Paris lâchera du lest dès que sur le tapis vert, les Etats-Unis se montreront
plus « compréhensifs ». Et il est fort à parier, si ce coup de
poker réussit, que la France se trouvera aux premières loges lors de l’invasion
de l’Irak. L’absence d’utilisation de son veto à l’ONU se monnaiera
donc… cher.
Marchandage
en Asie : Le cas Russe et Chinois
Le cas de
ses deux pays est quelque peu distinct. La Russie n’a pas besoin du pétrole
de l’Irak. Cet immense pays est autosuffisant en matières énergétiques, et
il en exporte. Toutefois la crise irakienne est pour le gouvernement russe
intéressante à double titre. Elle contribuerait de prime abord à replacer la
Russie sur l’échiquier politique international, tout en lui permettrant d’en
tirer des avantages économiques non négligeables.
Car en s’alignant
sur la position française, la Russie espère recevoir des Etats-Unis, présents
à ses frontières, certaines garanties. D’une part, la politique américaine
en Asie centrale se devra d’être moins agressive et s’accompagner d’un
repli stratégique de leur sphère d’influence mise à mal suite à la guerre
en afghanistan.
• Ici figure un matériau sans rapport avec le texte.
(* Let $\alpha\in(0,1)$ and $\gamma_n=\alpha n$ for each $n$, and let $\lambda_n$ satisfy $\lambda_n=o(n)$ and $\lambda_n=\omega(1)$. Let $K:\mathbb{N}_0\to\mathbb{N}_0$, $n\mapsto K_n$, be a scaling and let \[ r_4(\alpha,\lambda_n) = 1+\frac{\log\!\left(1+\frac{n\alpha}{\lambda_n}\right)+\alpha+\log(1-\alpha)}{\frac{1-\alpha}{2}-\log\!\left(\frac{1+\alpha}{2}\right)}. \] If $K_n > r_4(\alpha,\lambda_n)$ for all $n$, then \[ \lim_{n\to\infty} \mathbb{P}\big[\,|C_{max}(n,K_n,\gamma_n)| > n-\gamma_n-\lambda_n\,\big] = 1. \]
   Context: Random K-out graph $\mathbb{H}(n;K_n)$: on vertex set $V=\{v_1,\dots,v_n\}$ with labels $\mathcal{N}=\{1,\dots,n\}$, each node $v_i$ independently selects a set $\Gamma_{n,i}\subseteq \mathcal{N}\setminus\{i\}$ of $K_n$ distinct labels uniformly at random (the sets $\Gamma_{n,1},\dots,\Gamma_{n,n}$ are mutually independent). Distinct nodes $v_i,v_j$ are adjacent if $j\in\Gamma_{n,i}$ or $i\in\Gamma_{n,j}$ (undirected graph). The graph $\mathbb{H}(n;K_n,\gamma_n)$ is obtained by choosing a set $D\subset V$ of $\gamma_n$ nodes uniformly at random and deleting them: it has vertex set $R=V\setminus D$, and two distinct vertices of $R$ are adjacent iff they are adjacent in $\mathbb{H}(n;K_n)$. $C_{max}(n,K_n,\gamma_n)$ denotes the vertex set of a largest connected component of $\mathbb{H}(n;K_n,\gamma_n)$. $\log$ is the natural logarithm; Landau notation is as $n\to\infty$. *)

theory Defs
  imports "HOL-Probability.Probability"
begin

definition kout_choice :: "nat \<Rightarrow> nat \<Rightarrow> (nat \<Rightarrow> nat set) pmf" where
  "kout_choice n K = Pi_pmf {1..n} {}
     (\<lambda>i. pmf_of_set {S. S \<subseteq> {1..n} - {i} \<and> card S = K})"

definition deleted_set :: "nat \<Rightarrow> nat \<Rightarrow> nat set pmf" where
  "deleted_set n g = pmf_of_set {D. D \<subseteq> {1..n} \<and> card D = g}"

definition kout_adj :: "(nat \<Rightarrow> nat set) \<Rightarrow> nat \<Rightarrow> nat \<Rightarrow> bool" where
  "kout_adj \<Gamma> i j \<longleftrightarrow> i \<noteq> j \<and> (j \<in> \<Gamma> i \<or> i \<in> \<Gamma> j)"

definition induced_edges :: "(nat \<Rightarrow> nat set) \<Rightarrow> nat set \<Rightarrow> (nat \<times> nat) set" where
  "induced_edges \<Gamma> R = {(i, j). i \<in> R \<and> j \<in> R \<and> kout_adj \<Gamma> i j}"

definition component :: "(nat \<Rightarrow> nat set) \<Rightarrow> nat set \<Rightarrow> nat \<Rightarrow> nat set" where
  "component \<Gamma> R v = {u \<in> R. (v, u) \<in> (induced_edges \<Gamma> R)\<^sup>*}"

definition max_component_size :: "(nat \<Rightarrow> nat set) \<Rightarrow> nat set \<Rightarrow> nat" where
  "max_component_size \<Gamma> R = Max (insert 0 ((\<lambda>v. card (component \<Gamma> R v)) ` R))"

definition H_model :: "nat \<Rightarrow> nat \<Rightarrow> nat \<Rightarrow> ((nat \<Rightarrow> nat set) \<times> nat set) pmf" where
  "H_model n K g = pair_pmf (kout_choice n K) (deleted_set n g)"

definition Cmax_size :: "nat \<Rightarrow> (nat \<Rightarrow> nat set) \<times> nat set \<Rightarrow> nat" where
  "Cmax_size n \<omega> = max_component_size (fst \<omega>) ({1..n} - snd \<omega>)"

definition r4 :: "real \<Rightarrow> real \<Rightarrow> real \<Rightarrow> real" where
  "r4 \<alpha> l n = 1 + (ln (1 + n * \<alpha> / l) + \<alpha> + ln (1 - \<alpha>)) /
                   ((1 - \<alpha>) / 2 - ln ((1 + \<alpha>) / 2))"

end

theory Submission
  imports Defs
begin

text \<open>
  If the largest surviving component misses at least \<open>\<lambda>\<close> of the \<open>n - \<gamma>\<close> surviving nodes, then some
  union \<open>S\<close> of surviving components has \<open>\<lambda> \<le> |S| \<le> (n - \<gamma>)/2\<close>. Every node of \<open>S\<close> must then
  choose all its \<open>K\<close> labels inside \<open>S \<union> D\<close>, which for \<open>|S| = r\<close> has probability at most
  \<open>((r + \<gamma>)/n)^(K r)\<close> whatever the deleted set \<open>D\<close> is. The union bound over \<open>S\<close>, together with
  \<open>C(m, r) \<le> (e m / r)^r\<close>, bounds the failure probability by \<open>\<Sum>\<^sub>r\<^sub>\<ge>\<^sub>\<lambda> (e n/r \<cdot> ((r + \<gamma>)/n)^K)^r\<close>.
  The base is at most \<open>1/2\<close>. If \<open>r K > n\<close>, because \<open>n/r < K\<close> and \<open>(r + \<gamma>)/n \<le> (1 + \<alpha>)/2\<close>.
  If \<open>r K \<le> n\<close>, because \<open>((r + \<gamma>)/n)^K \<le> \<alpha>^K e^(1/\<alpha>)\<close>, while \<open>K > r\<^sub>4\<close> says precisely that
  \<open>n/r \<le> n/\<lambda>\<close> is at most a constant times \<open>e^(c K)\<close>, where \<open>c < - ln \<alpha>\<close> is the denominator of
  \<open>r\<^sub>4\<close>. Both estimates need \<open>K\<close> above a constant depending on \<open>\<alpha>\<close>, which holds eventually
  since \<open>r\<^sub>4 \<rightarrow> \<infinity>\<close> for \<open>\<lambda> = o(n)\<close>. The failure probability is thus \<open>O(2^(-\<lambda>)) \<rightarrow> 0\<close>.
\<close>

lemma power_div_fact_le_exp:
  fixes x :: real
  assumes "0 \<le> x"
  shows "x ^ k / fact k \<le> exp x"
proof -
  have sums: "(\<lambda>n. x ^ n / fact n) sums exp x"
    using exp_converges[of x] by (simp add: divide_inverse_commute scaleR_conv_of_real)
  have "(\<Sum>n\<in>{k}. x ^ n / fact n) \<le> (\<Sum>n. x ^ n / fact n)"
    by (rule sum_le_suminf) (use sums assms in \<open>auto simp: sums_iff\<close>)
  then show ?thesis
    using sums by (simp add: sums_iff)
qed

lemma binomial_le_exp_pow:
  assumes "0 < k"
  shows "real (n choose k) \<le> (exp 1 * real n / real k) ^ k"
proof -
  have "real (n choose k) * fact k \<le> real n ^ k"
    using binomial_fact_pow[of n k] by (metis of_nat_fact of_nat_le_iff of_nat_mult of_nat_power)
  then have "real (n choose k) \<le> real n ^ k / fact k"
    by (simp add: field_simps)
  also have "\<dots> \<le> real n ^ k * (exp (real k) / real k ^ k)"
  proof -
    have inv_fact_le: "1 / fact k \<le> exp (real k) / real k ^ k"
      using power_div_fact_le_exp[of "real k" k] assms by (simp add: field_simps)
    show ?thesis
      using mult_left_mono[OF inv_fact_le, of "real n ^ k"] by simp
  qed
  also have "\<dots> = (exp 1 * real n / real k) ^ k"
    by (simp add: power_divide power_mult_distrib exp_of_nat_mult[symmetric])
  finally show ?thesis .
qed

lemma binomial_ratio_le_power:
  assumes "w \<le> N"
  shows "real (w choose K) / real (N choose K) \<le> ((real w + 1) / (real N + 1)) ^ K"
proof (cases "K \<le> w")
  case False
  then show ?thesis by (simp add: binomial_eq_0)
next
  case True
  have factor_le: "real (w - i) / real (N - i) \<le> (real w + 1) / (real N + 1)" if "i < w" for i
  proof -
    have "0 \<le> (real N - real w) * (1 + real i)"
      using assms by simp
    then have "real (w - i) * (real N + 1) \<le> (real w + 1) * real (N - i)"
      using that assms by (simp add: of_nat_diff algebra_simps)
    then show ?thesis
      using that assms by (simp add: field_simps)
  qed
  have "real (w choose K) / real (N choose K)
      = (\<Prod>i = 0..<K. (real (w - i) / real (K - i)) / (real (N - i) / real (K - i)))"
    using True assms by (simp add: binomial_altdef_of_nat prod_dividef)
  also have "\<dots> = (\<Prod>i = 0..<K. real (w - i) / real (N - i))"
    by (intro prod.cong) auto
  also have "\<dots> \<le> (\<Prod>i = 0..<K. (real w + 1) / (real N + 1))"
  proof (intro prod_mono conjI)
    fix i assume "i \<in> {0..<K}"
    then show "real (w - i) / real (N - i) \<le> (real w + 1) / (real N + 1)"
      using True by (intro factor_le) simp
  qed simp
  finally show ?thesis by simp
qed

lemma power_le_two_div_ln_sq:
  fixes \<rho> :: real
  assumes "0 < \<rho>" "\<rho> < 1" "0 < K"
  shows "\<rho> ^ K \<le> 2 / (ln \<rho> * real K)\<^sup>2"
proof -
  define x where "x = - ln \<rho> * real K"
  have x_pos: "0 < x"
    unfolding x_def using assms by (simp add: mult_neg_pos)
  have "\<rho> ^ K = exp (real K * ln \<rho>)"
    using assms by (simp add: exp_of_nat_mult)
  also have "\<dots> = 1 / exp x"
    unfolding x_def by (simp add: exp_minus field_simps)
  also have "\<dots> \<le> 1 / (x\<^sup>2 / 2)"
    using power_div_fact_le_exp[of x 2] x_pos by (intro divide_left_mono) (simp_all add: numeral_2_eq_2)
  also have "\<dots> = 2 / (ln \<rho> * real K)\<^sup>2"
    unfolding x_def by (simp add: power2_eq_square)
  finally show ?thesis .
qed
On peut de même légitimement penser que les Etats-Unis
fermeront les yeux sur le cas Tchétchène pour un bon bout de temps, en ne
manquant pas de le qualifier de problème interne (la position de la France sur
le sujet est assez éloquente).
Ensuite,
la Russie verra sa part de marché dans le secteur pétrolier augmenter dans un
Irak sous contrôle américain. Il est utile de se rappeler que lors des
premières accusations de l’équipe Bush à l’encontre de Saddam Hussein,
une multitude d’accords ont été signés à la va vite par la Russie et le
gouvernement irakien. (Des contrats de plus de 40 milliards de dollars sur 20
ans). Cette manœuvre « préventive » de la Russie avait pour but de
prévoir une monnaie d’échange lors de futures négociations avec les
Etats-Unis. Il est intéressant de noter que l’administration américaine, en
ce qui concerne la répartition future du gâteau irakien, n’a pas exclu de
donner une part à la Russie. Un changement d’attitude de Moscou est donc à
prévoir sur le court terme.
Le
mutisme actuel de la Chine introduit une nouvelle donne. Généralement plus
expansifs quand il s'agit de contester « l’impérialisme »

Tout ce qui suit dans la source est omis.